In the same pub, Edgar Rice Burrows sat with his friend and fellow writer, William Seabrook. Burrows eagerly described a novel he was writing.
“Thuvia is this voluptuous Martian princess,” he began
“Are there any other kind?” Seabrook asked. He genuinely liked Edgar, and admired his success as a popular writer, but nevertheless believed that Burrows was an idiot.
“She is in love with the son of John Carter, the Warlord of Mars -” Burrows explained.
“The Martian princess?”
“Yeah. So she’s in love with this big warrior type who can jump really far and high because his father is from the Earth.”
“He can jump high because his father is from Earth?”
“Sort of like a handsome, muscular grass hopper.”
“Look, do you want to hear about this or not?”
“Yes, I’m sorry. Please go on.”
“So Carthoris – that’s the guy – he has the hots for Thuvia -“
“Carthoris and Thuvia?”
“Sounds like a bad Shakespearian play.”
“So she’s got the hots for him, too, but bad guys kidnap her and make it look like Carthoris did it.”
“So he sallies forth to rescue her.”
“Yeah. What do you think?”
“Charming. But tell me about that ape-man novel you are writing.”
“Sure. It’s based on the short story I published. Did you read it?”
“No, but I’m still interested. It is about a man who is half man, half ape, if I remember correctly.”
“Not half-man half-ape. He is an ape-man named Tarzan.”
“Whatever. You say that your publisher is willing to pay you in advance to write it?”
“Well then, why waste your time with your Martian Romeo and Juliet until you’ve finished the Tarzan novel? What are you going to call it?”
“I should have guessed. Sort of a foreign adventure piece I take it?”
“On, yeah. Lots of adventure. Tarzan is a guy who was raised in the African jungle by apes.”
“It sounds ghastly. Are you sure they’re going to pay you for this?”
“I wonder what the appeal is?” Seabrook pondered.
“Every guy wants to be Tarzan,” Burrows explained. “Tarzan has everything a man could want.”
“Tarzan doesn’t have fleas,” Burrows said, irritably.
“Because I’m not going to give him any,” Burrows said. “I’m giving him a great life. He’s king of the beasts, lord of the apes. He can talk to elephants.”
“He can call elephants if he needs them.”
“Why would he need elephants.”
“If he needs a ride, or if he needs help.”

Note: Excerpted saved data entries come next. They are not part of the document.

lemma inj_on_reindexH:
  assumes "inj_on \<sigma> {..<n}"
  shows "inj_on (reindexH \<sigma> n) (space m n :: ('g::zero, 'h::zero) point set)"
proof (rule inj_onI)
  fix p q :: "('g, 'h) point"
  assume "p \<in> space m n" "q \<in> space m n" and eq: "reindexH \<sigma> n p = reindexH \<sigma> n q"
  have "snd p j = snd q j" for j
  proof (cases "j < n")
    case True
    then show ?thesis using arg_cong[OF eq, of "\<lambda>p. snd p (\<sigma> j)"]
        snd_reindexH_image[OF assms True, of p] snd_reindexH_image[OF assms True, of q] by simp
  next
    case False
    then show ?thesis using \<open>p \<in> space m n\<close> \<open>q \<in> space m n\<close> by (simp add: mem_space)
  qed
  moreover have "fst p = fst q" using arg_cong[OF eq, of fst] by (simp add: reindexH_def)
  ultimately show "p = q" by (simp add: prod_eq_iff fun_eq_iff)
qed

lemma tilable_reindexH:
  fixes t :: "('g::ab_group_add, 'h::ab_group_add) point"
  assumes "tilable m n T A Y" "inj_on \<sigma> {..<n}" "\<sigma> ` {..<n} \<subseteq> {..<n'}" "m \<le> m'"
    and "t \<in> space m' n'"
  shows "tilable m' n' T A ((\<lambda>p. reindexH \<sigma> n p + t) ` Y)"
proof (rule tilable_image[OF assms(1)])
  have "Y \<subseteq> space m n"
    using assms(1) copies_subset_space unfolding tilable_def by blast
  then show "inj_on (\<lambda>p. reindexH \<sigma> n p + t) Y"
    using inj_on_reindexH[OF assms(2)] by (auto simp: inj_on_def)
next
  fix Q assume "Q \<in> copies m n T A"
  let ?\<phi> = "\<lambda>p. reindexH \<sigma> n p + t"
  have image_translate: "?\<phi> ` translate s V = translate (?\<phi> s) (reindexH \<sigma> n ` V)" for s V
    unfolding translate_eq_image image_image reindexH_add by (simp add: ac_simps)
  have shift_space: "?\<phi> s \<in> space m' n'" if "s \<in> space m n" for s
    using reindexH_in_space[OF that assms(3,4)] assms(5) by (rule space_add)
  from \<open>Q \<in> copies m n T A\<close> show "?\<phi> ` Q \<in> copies m' n' T A"
  proof (cases rule: copies_cases)
    case (1 i s)
    then show ?thesis using assms(4) shift_space
      by (simp add: image_translate reindexH_tileG translate_tileG_in_copies)
  next
    case (2 j s)
    then have "\<sigma> j < n'" using assms(3) by blast
    with 2 show ?thesis using shift_space
      by (simp add: image_translate reindexH_tileH[OF assms(2)] translate_tileH_in_copies)
  qed
qed

lemma tileH_eq: "q \<in> tileH c V \<Longrightarrow> q = (0, (\<lambda>_. 0)(c := snd q c))"
  by (auto simp: mem_tileH prod_eq_iff fun_eq_iff)

definition tile_of :: "'a set set \<Rightarrow> 'a \<Rightarrow> 'a set" where
  "tile_of C p = (THE Q. Q \<in> C \<and> p \<in> Q)"

lemma tile_of_eq: "pairwise disjnt C \<Longrightarrow> Q \<in> C \<Longrightarrow> p \<in> Q \<Longrightarrow> tile_of C p = Q"
  unfolding tile_of_def by (rule the_equality) (auto simp: pairwise_def disjnt_def)

lemma tile_of_mem: "pairwise disjnt C \<Longrightarrow> p \<in> \<Union>C \<Longrightarrow> tile_of C p \<in> C \<and> p \<in> tile_of C p"
  using tile_of_eq by fastforce

lemma tile_of_eq_iff: "pairwise disjnt C \<Longrightarrow> p \<in> \<Union>C \<Longrightarrow> Q \<in> C \<Longrightarrow> tile_of C p = Q \<longleftrightarrow> p \<in> Q"
  using tile_of_eq tile_of_mem by metis

definition space_B :: "nat \<Rightarrow> nat \<Rightarrow> nat \<Rightarrow> 'h set \<Rightarrow> ('g::zero, 'h::zero) point set" where
  "space_B m n e B = {(x, y) \<in> space m (n + e). \<forall>j. n \<le> j \<and> j < n + e \<longrightarrow> y j \<in> B}"

lemma mem_space_B:
  "p \<in> space_B m n e B \<longleftrightarrow> p \<in> space m (n + e) \<and> (\<forall>j. n \<le> j \<and> j < n + e \<longrightarrow> snd p j \<in> B)"
  by (cases p) (simp add: space_B_def)

section \<open>Block decomposition\<close>

lemma mult_add_less_inj:
  fixes a a' u :: nat
  assumes "a < u" "a' < u" "i * u + a = j * u + a'"
  shows "i = j \<and> a = a'"
proof -
  have "(i * u + a) div u = i" "(i * u + a) mod u = a"
    "(j * u + a') div u = j" "(j * u + a') mod u = a'" using assms(1,2) by simp_all
  then show ?thesis using assms(3) by metis
qed

lemma decompose_mult_add:
  fixes c k d u :: nat
  assumes "k \<le> c" "c < k + d * u"
  obtains i a where "i < d" "a < u" "c = k + i * u + a"
proof
  have "u > 0" using assms by (cases u) auto
  show "(c - k) div u < d" using assms by (simp add: less_mult_imp_div_less)
  show "(c - k) mod u < u" using \<open>u > 0\<close> by simp
  show "c = k + (c - k) div u * u + (c - k) mod u" using assms(1) by simp
qed

lemma mult_add_less:
  fixes i d a u :: nat
  assumes "i < d" "a < u"
  shows "i * u + a < d * u"
proof -
  have "i * u + a < Suc i * u" using assms(2) by simp
  also have "\<dots> \<le> d * u" using assms(1) by (intro mult_le_mono1) simp
  finally show ?thesis .
qed

locale blocks =
  fixes k l d u v :: nat
begin

definition block :: "nat \<Rightarrow> ('g::zero, 'h::zero) point \<Rightarrow> ('g, 'h) point" where
  "block i z = (\<lambda>a. if a < u then fst z (k + i * u + a) else 0,
                \<lambda>b. if b < v then snd z (l + i * v + b) else 0)"

definition glue :: "(nat \<Rightarrow> ('g::zero, 'h::zero) point) \<Rightarrow> ('g, 'h) point" where
  "glue s = (\<lambda>c. if k \<le> c \<and> c < k + d * u then fst (s ((c - k) div u)) ((c - k) mod u) else 0,
             \<lambda>c. if l \<le> c \<and> c < l + d * v then snd (s ((c - l) div v)) ((c - l) mod v) else 0)"

definition cell :: "(nat \<Rightarrow> ('g::zero, 'h::zero) point set) \<Rightarrow> ('g, 'h) point set" where
  "cell P = {z \<in> space (d * u + k) (d * v + l). \<forall>i<d. block i z \<in> P i}"

lemma block_in_space: "block i z \<in> space u v"
  by (simp add: block_def mem_space)

lemma block_add:
  fixes p q :: "('g::monoid_add, 'h::monoid_add) point"
  shows "block i (p + q) = block i p + block i q"
  by (simp add: block_def prod_eq_iff fun_eq_iff)

lemma glue_in_space: "glue s \<in> space (d * u + k) (d * v + l)"
  by (simp add: glue_def mem_space)

lemma block_glue:
  assumes "i < d" "s i \<in> space u v"
  shows "block i (glue s) = s i"
  using assms mult_add_less[OF assms(1)]
  by (auto simp: block_def glue_def mem_space prod_eq_iff fun_eq_iff)

lemma block_eqI:
  assumes "w \<in> space (d * u + k) (d * v + l)" "w' \<in> space (d * u + k) (d * v + l)"
    and "\<And>c. c < k \<Longrightarrow> fst w c = fst w' c" "\<And>c. c < l \<Longrightarrow> snd w c = snd w' c"
    and "\<And>i. i < d \<Longrightarrow> block i w = block i w'"
  shows "w = w'"
proof -
  have "fst w c = fst w' c" for c
  proof -
    consider "c < k" | "k \<le> c" "c < k + d * u" | "d * u + k \<le> c" by linarith
    then show ?thesis
    proof cases
      case 2
      then obtain i a where "i < d" "a < u" "c = k + i * u + a" by (rule decompose_mult_add)
      then show ?thesis
        using fun_cong[OF arg_cong[OF assms(5), of i fst], of a] by (simp add: block_def)
    qed (use assms in \<open>auto simp: mem_space\<close>)
  qed
  moreover have "snd w c = snd w' c" for c
  proof -
    consider "c < l" | "l \<le> c" "c < l + d * v" | "d * v + l \<le> c" by linarith
    then show ?thesis
    proof cases
      case 2
      then obtain i b where "i < d" "b < v" "c = l + i * v + b" by (rule decompose_mult_add)
      then show ?thesis
        using fun_cong[OF arg_cong[OF assms(5), of i snd], of b] by (simp add: block_def)
    qed (use assms in \<open>auto simp: mem_space\<close>)
  qed
  ultimately show ?thesis by (simp add: prod_eq_iff fun_eq_iff)
qed

lemma tilable_cell_lineG:
  fixes P :: "nat \<Rightarrow> ('g::ab_group_add, 'h::ab_group_add) point set"
  assumes "i < d" "a < u" and Pi: "P i = translate s (tileG a T)"
  shows "tilable (d * u + k) (d * v + l) T A (cell P)"
proof (rule tilable_lineG[where c = "k + i * u + a" and g = "fst s a"])
  show "k + i * u + a < d * u + k" using mult_add_less[OF assms(1,2)] by simp
  show "cell P \<subseteq> space (d * u + k) (d * v + l)" by (auto simp: cell_def)
  fix w w' :: "('g, 'h) point"
  assume w: "w \<in> cell P"
    and off_line: "\<forall>c. c \<noteq> k + i * u + a \<longrightarrow> fst w' c = fst w c" and snd_eq: "snd w' = snd w"
  have w'_space: "w' \<in> space (d * u + k) (d * v + l)"
  proof -
    have "w \<in> space (d * u + k) (d * v + l)" using w by (simp add: cell_def)
    moreover have "fst w' c = fst w c" if "d * u + k \<le> c" for c
      using off_line that mult_add_less[OF assms(1,2)] by simp
    ultimately show ?thesis using snd_eq by (simp add: mem_space)
  qed
  have other_blocks: "block j w' = block j w" if "j \<noteq> i" for j
  proof -
    have "k + j * u + x \<noteq> k + i * u + a" if "x < u" for x
      using mult_add_less_inj[OF that assms(2)] \<open>j \<noteq> i\<close> by auto
    then show ?thesis using off_line snd_eq by (auto simp: block_def prod_eq_iff fun_eq_iff)
  qed
  have this_block: "block i w' \<in> P i \<longleftrightarrow> fst w' (k + i * u + a) - fst s a \<in> T"
  proof -
    have "block i w \<in> translate s (tileG a T)" using w assms(1) by (simp add: cell_def flip: Pi)
    moreover have "fst (block i w') a' = fst (block i w) a'" if "a' \<noteq> a" for a'
      using off_line that mult_add_less_inj[of a u a' i i] by (auto simp: block_def)
    moreover have "snd (block i w') = snd (block i w)"
      using snd_eq by (auto simp: block_def fun_eq_iff)
    moreover have "fst (block i w') a = fst w' (k + i * u + a)"
      using assms(2) by (simp add: block_def)
    ultimately show ?thesis unfolding Pi mem_translate_tileG by metis
  qed
  have "(\<forall>j<d. block j w' \<in> P j) \<longleftrightarrow> block i w' \<in> P i"
    using w assms(1) other_blocks by (auto simp: cell_def) (metis)
  then show "w' \<in> cell P \<longleftrightarrow> fst w' (k + i * u + a) - fst s a \<in> T"
    using w'_space this_block by (simp add: cell_def)
qed
theorem mainTheorem1:
  fixes p :: nat
  assumes "prime p"
  shows "\<exists>c :: nat \<Rightarrow> rat mpoly.
     (\<forall>i\<in>{2..p}. in_A p (c i) \<and> homogeneous_of_degree p (c i) (2 * i * (p - 1))
                  \<and> eta_R p (c i) = c i)
   \<and> {f \<in> cobar_space p 0. cobar_d p 0 f = 0}
       = psubst c ` {g :: (nat \<Rightarrow>\<^sub>0 nat) \<Rightarrow>\<^sub>0 rat. pvars g \<subseteq> {2..p}}
   \<and> inj_on (psubst c) {g :: (nat \<Rightarrow>\<^sub>0 nat) \<Rightarrow>\<^sub>0 rat. pvars g \<subseteq> {2..p}}
   \<and> (\<forall>n\<ge>1. \<forall>f\<in>cobar_space p n. cobar_d p n f = 0 \<longrightarrow>
          (\<exists>g\<in>cobar_space p (n - 1). cobar_d p (n - 1) g = f))"
proof -
  have p: "p > 0"
    using assms prime_gt_0_nat by blast
  show ?thesis
  proof (intro exI[of _ "invariant_gen p"] conjI ballI allI impI)
    fix i assume "i \<in> {2..p}"
    then show "in_A p (invariant_gen p i)" "eta_R p (invariant_gen p i) = invariant_gen p i"
      using in_A_invariant_gen[OF p] eta_R_invariant_gen[OF p] by simp_all
    show "homogeneous_of_degree p (invariant_gen p i) (2 * i * (p - 1))"
      using homogeneous_invariant_gen[OF p] .
  next
    fix n f assume "n \<ge> 1" "f \<in> cobar_space p n" "cobar_d p n f = 0"
    then show "\<exists>g\<in>cobar_space p (n - 1). cobar_d p (n - 1) g = f"
      by (rule cobar_exact[OF p])
  qed (use cocycles_0_eq_image_invariant_gen[OF p] inj_on_psubst_invariant_gen[OF p] in simp_all)
qed

end
(* Let $f:\mathbb{S}^1\to\mathbb{S}^1$ be an orientation-preserving homeomorphism with rational Poincaré rotation number which is not topologically conjugate to a rotation. Then $h_{\mathrm{pol}}(C(f))\ge 2$.
   Context: $C(\mathbb{S}^1)$ is the set of all nonempty closed connected subsets of $\mathbb{S}^1$ with the Hausdorff metric $d_H(A,B)=\inf\{\varepsilon>0: A\subset U(B,\varepsilon),\ B\subset U(A,\varepsilon)\}$, $U(A,\varepsilon)=\{x: d(x,A)<\varepsilon\}$; $C(f)(A)=f(A)$. For a continuous map $g:Z\to Z$ of a compact metric space $(Z,\rho)$, define $\rho^g_n(x,y)=\max_{0\le k\le n-1}\rho(g^k(x),g^k(y))$; a finite set $E\subset Z$ is $(n,\varepsilon)$-separated if $\rho^g_n(x,y)\ge\varepsilon$ for all distinct $x,y\in E$; $\mathrm{sep}(n,\varepsilon)$ is the maximal cardinality of such a set; and $h_{\mathrm{pol}}(g)=\lim_{\varepsilon\to0}\limsup_{n\to\infty}\frac{\log \mathrm{sep}(n,\varepsilon)}{\log n}$. *)

theory Defs
  imports "HOL-Analysis.Analysis"
begin

definition circle :: "complex set" where
  "circle = sphere 0 1"

definition is_lift :: "(real \<Rightarrow> real) \<Rightarrow> (complex \<Rightarrow> complex) \<Rightarrow> bool" where
  "is_lift F f \<longleftrightarrow> continuous_on UNIV F \<and> (\<forall>t. F (t + 1) = F t + 1) \<and>
     (\<forall>t. f (cis (2 * pi * t)) = cis (2 * pi * F t))"

definition orient_pres_homeo :: "(complex \<Rightarrow> complex) \<Rightarrow> bool" where
  "orient_pres_homeo f \<longleftrightarrow> (\<exists>g. homeomorphism circle circle f g) \<and>
     (\<exists>F. is_lift F f \<and> strict_mono F)"

definition rational_rotation_number :: "(complex \<Rightarrow> complex) \<Rightarrow> bool" where
  "rational_rotation_number f \<longleftrightarrow>
     (\<exists>F r. is_lift F f \<and> strict_mono F \<and> ((\<lambda>n. (F ^^ n) 0 / real n) \<longlonglongrightarrow> r) \<and> r \<in> \<rat>)"

definition conj_to_rotation :: "(complex \<Rightarrow> complex) \<Rightarrow> bool" where
  "conj_to_rotation f \<longleftrightarrow> (\<exists>h h' \<alpha>. homeomorphism circle circle h h' \<and>
     (\<forall>z\<in>circle. h (f z) = cis (2 * pi * \<alpha>) * h z))"

definition C_circle :: "complex set set" where
  "C_circle = {A. A \<subseteq> circle \<and> A \<noteq> {} \<and> closed A \<and> connected A}"

definition nbhd :: "complex set \<Rightarrow> real \<Rightarrow> complex set" where
  "nbhd A \<epsilon> = {x. infdist x A < \<epsilon>}"

definition hausdorff_dist :: "complex set \<Rightarrow> complex set \<Rightarrow> real" where
  "hausdorff_dist A B = Inf {\<epsilon>. \<epsilon> > 0 \<and> A \<subseteq> nbhd B \<epsilon> \<and> B \<subseteq> nbhd A \<epsilon>}"

definition induced_map :: "(complex \<Rightarrow> complex) \<Rightarrow> complex set \<Rightarrow> complex set" where
  "induced_map f A = f ` A"

definition dyn_dist :: "('a \<Rightarrow> 'a \<Rightarrow> real) \<Rightarrow> ('a \<Rightarrow> 'a) \<Rightarrow> nat \<Rightarrow> 'a \<Rightarrow> 'a \<Rightarrow> real" where
  "dyn_dist \<rho> g n x y = (MAX k\<in>{..<n}. \<rho> ((g ^^ k) x) ((g ^^ k) y))"

definition separated_set :: "'a set \<Rightarrow> ('a \<Rightarrow> 'a \<Rightarrow> real) \<Rightarrow> ('a \<Rightarrow> 'a) \<Rightarrow> nat \<Rightarrow> real \<Rightarrow> 'a set \<Rightarrow> bool" where
  "separated_set Z \<rho> g n \<epsilon> E \<longleftrightarrow> E \<subseteq> Z \<and> finite E \<and>
     (\<forall>x\<in>E. \<forall>y\<in>E. x \<noteq> y \<longrightarrow> dyn_dist \<rho> g n x y \<ge> \<epsilon>)"

definition sep :: "'a set \<Rightarrow> ('a \<Rightarrow> 'a \<Rightarrow> real) \<Rightarrow> ('a \<Rightarrow> 'a) \<Rightarrow> nat \<Rightarrow> real \<Rightarrow> nat" where
  "sep Z \<rho> g n \<epsilon> = Sup {card E | E. separated_set Z \<rho> g n \<epsilon> E}"

definition pol_entropy :: "'a set \<Rightarrow> ('a \<Rightarrow> 'a \<Rightarrow> real) \<Rightarrow> ('a \<Rightarrow> 'a) \<Rightarrow> ereal" where
  "pol_entropy Z \<rho> g = Lim (at_right 0)
     (\<lambda>\<epsilon>. limsup (\<lambda>n. ereal (ln (real (sep Z \<rho> g n \<epsilon>)) / ln (real n))))"

end

theory Submission
  imports Defs
begin

(* Let p/q be the rotation number and F a lift of f.  Then G = F^q - p is a lift of f^q with
   rotation number 0, so G has a fixed point a; since f is not conjugate to a rotation, G is not
   the identity and some x in (a, a + 1) is moved.  Its two-sided G-orbit x_m is monotone and
   stays in (a, a + 1).  For i < M <= j < 2M the arcs from x_(-j) to x_(-i) are M^2 points of
   C(S^1); under f^(qk) they become the arcs from x_(k-j) to x_(k-i).  Two different such arcs are
   pulled a fixed distance apart before time 2qM: at time qi (resp. qj) one of them contains x_0
   (resp. x_(-1)) and the other lies beyond x_(-1) (resp. x_0).  Hence
   sep(n, eps) >= (n div 2q)^2 for small eps, and the polynomial entropy is at least 2. *)

section \<open>Circle maps and their lifts\<close>

definition circle_point :: "real \<Rightarrow> complex" where
  "circle_point t = cis (2 * pi * t)"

“How helpful can an elephant be?”
“Lets say he’s surrounded by bad guys, and there’s no way out. Well, he calls to the elephants and they come and trample the bad guys.”
“Deus Ex Elephant?” Seabrook asked.
“The point is that Tarzan does what he wants. He is totally free from the pressures of the modern world. He could have been anyone, any one of us. And that’s my point. I want the reader to think, ‘Hey, if I had been dropped into a jungle, I could have been Tarzan. Tarzan and me are the same guy, we were only brought up different.”
“You see this Tarzan as leading some kind of idyllic life?”
“Not idyllic – ideal. Idyllic lives are boring lives. Tarzan faces plenty of danger to keep things interesting. And there are things missing that he really needs.”
“Soap and water?”
“No. Women. There aren’t any women around.”
“What about native women?”
“Oh, yeah, plenty of those. But there are no white women anywhere. So he meets this beautiful explorer, and she shows him the ropes -“
Seabrook smiled at the reference.
” – and brings him back to London. Good stuff. But the biggest reason why my readers are going to admire Tarzan is his total freedom, so it won’t surprise anyone when Tarzan would rather be in the jungle instead of in civilization.”
“Free among the monkeys and elephants?”